Assignment
Filter the listing below down to the lines containing the word "dsum".

Provided information
(* Let $M$ be a right $R$-module and consider: (i) $M$ is $M$-coherent; (ii) the intersection of any two finitely $M$-generated submodules of $M$ is finitely $M$-generated, and $\ker\varphi$ is finitely $M$-generated for every $\varphi\in\mathrm{End}_R(M)$. Then (i)$\Rightarrow$(ii). If moreover $M$ is intrinsically projective, then (i) and (ii) are equivalent.
   Context: $M^{(n)}$ denotes the direct sum of $n$ copies of $M$. A module $N$ is finitely $M$-generated if there is an epimorphism $M^{(n)}\to N$ for some $n>0$. A finitely $M$-generated module $N$ is $M$-coherent if for every $n>0$ and every homomorphism $\rho:M^{(n)}\to N$, $\ker\rho$ is finitely $M$-generated. $M$ is intrinsically projective if for every integer $n>0$, every submodule $N\le M$, every epimorphism $\alpha:M^{(n)}\to N$ and every homomorphism $\beta:M\to N$, there exists $\gamma:M\to M^{(n)}$ with $\alpha\gamma=\beta$. *)

theory Defs
  imports Main "HOL-Library.Function_Algebras"
begin

text \<open>Right R-modules over a ring R (the type 'r), realised as a carrier set A inside
an ambient abelian group type 'a together with a right action s x r = x r.\<close>

definition is_rmod :: "'a::ab_group_add set \<Rightarrow> ('a \<Rightarrow> 'r::ring_1 \<Rightarrow> 'a) \<Rightarrow> bool" where
  "is_rmod A s \<longleftrightarrow> 0 \<in> A \<and> (\<forall>x\<in>A. \<forall>y\<in>A. x + y \<in> A) \<and> (\<forall>x\<in>A. - x \<in> A)
     \<and> (\<forall>x\<in>A. \<forall>r. s x r \<in> A)
     \<and> (\<forall>x\<in>A. \<forall>y\<in>A. \<forall>r. s (x + y) r = s x r + s y r)
     \<and> (\<forall>x\<in>A. \<forall>r q. s x (r + q) = s x r + s x q)
     \<and> (\<forall>x\<in>A. \<forall>r q. s x (r * q) = s (s x r) q)
     \<and> (\<forall>x\<in>A. s x 1 = x)"

definition submod :: "'a::ab_group_add set \<Rightarrow> 'a set \<Rightarrow> ('a \<Rightarrow> 'r::ring_1 \<Rightarrow> 'a) \<Rightarrow> bool" where
  "submod N A s \<longleftrightarrow> N \<subseteq> A \<and> is_rmod N s"

definition rhom :: "'a::ab_group_add set \<Rightarrow> ('a \<Rightarrow> 'r::ring_1 \<Rightarrow> 'a)
    \<Rightarrow> 'b::ab_group_add set \<Rightarrow> ('b \<Rightarrow> 'r \<Rightarrow> 'b) \<Rightarrow> ('a \<Rightarrow> 'b) \<Rightarrow> bool" where
  "rhom A s B t f \<longleftrightarrow> (\<forall>x\<in>A. f x \<in> B) \<and> (\<forall>x\<in>A. \<forall>y\<in>A. f (x + y) = f x + f y)
     \<and> (\<forall>x\<in>A. \<forall>r. f (s x r) = t (f x) r)"

text \<open>The direct sum M^(n) of n copies of M: tuples indexed by {0..<n}, zero elsewhere.\<close>
definition dsum :: "nat \<Rightarrow> 'a::ab_group_add set \<Rightarrow> (nat \<Rightarrow> 'a) set" where
  "dsum n A = {f. (\<forall>i<n. f i \<in> A) \<and> (\<forall>i\<ge>n. f i = 0)}"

Answer section
definition dsum :: "nat \<Rightarrow> 'a::ab_group_add set \<Rightarrow> (nat \<Rightarrow> 'a) set" where
  "dsum n A = {f. (\<forall>i<n. f i \<in> A) \<and> (\<forall>i\<ge>n. f i = 0)}"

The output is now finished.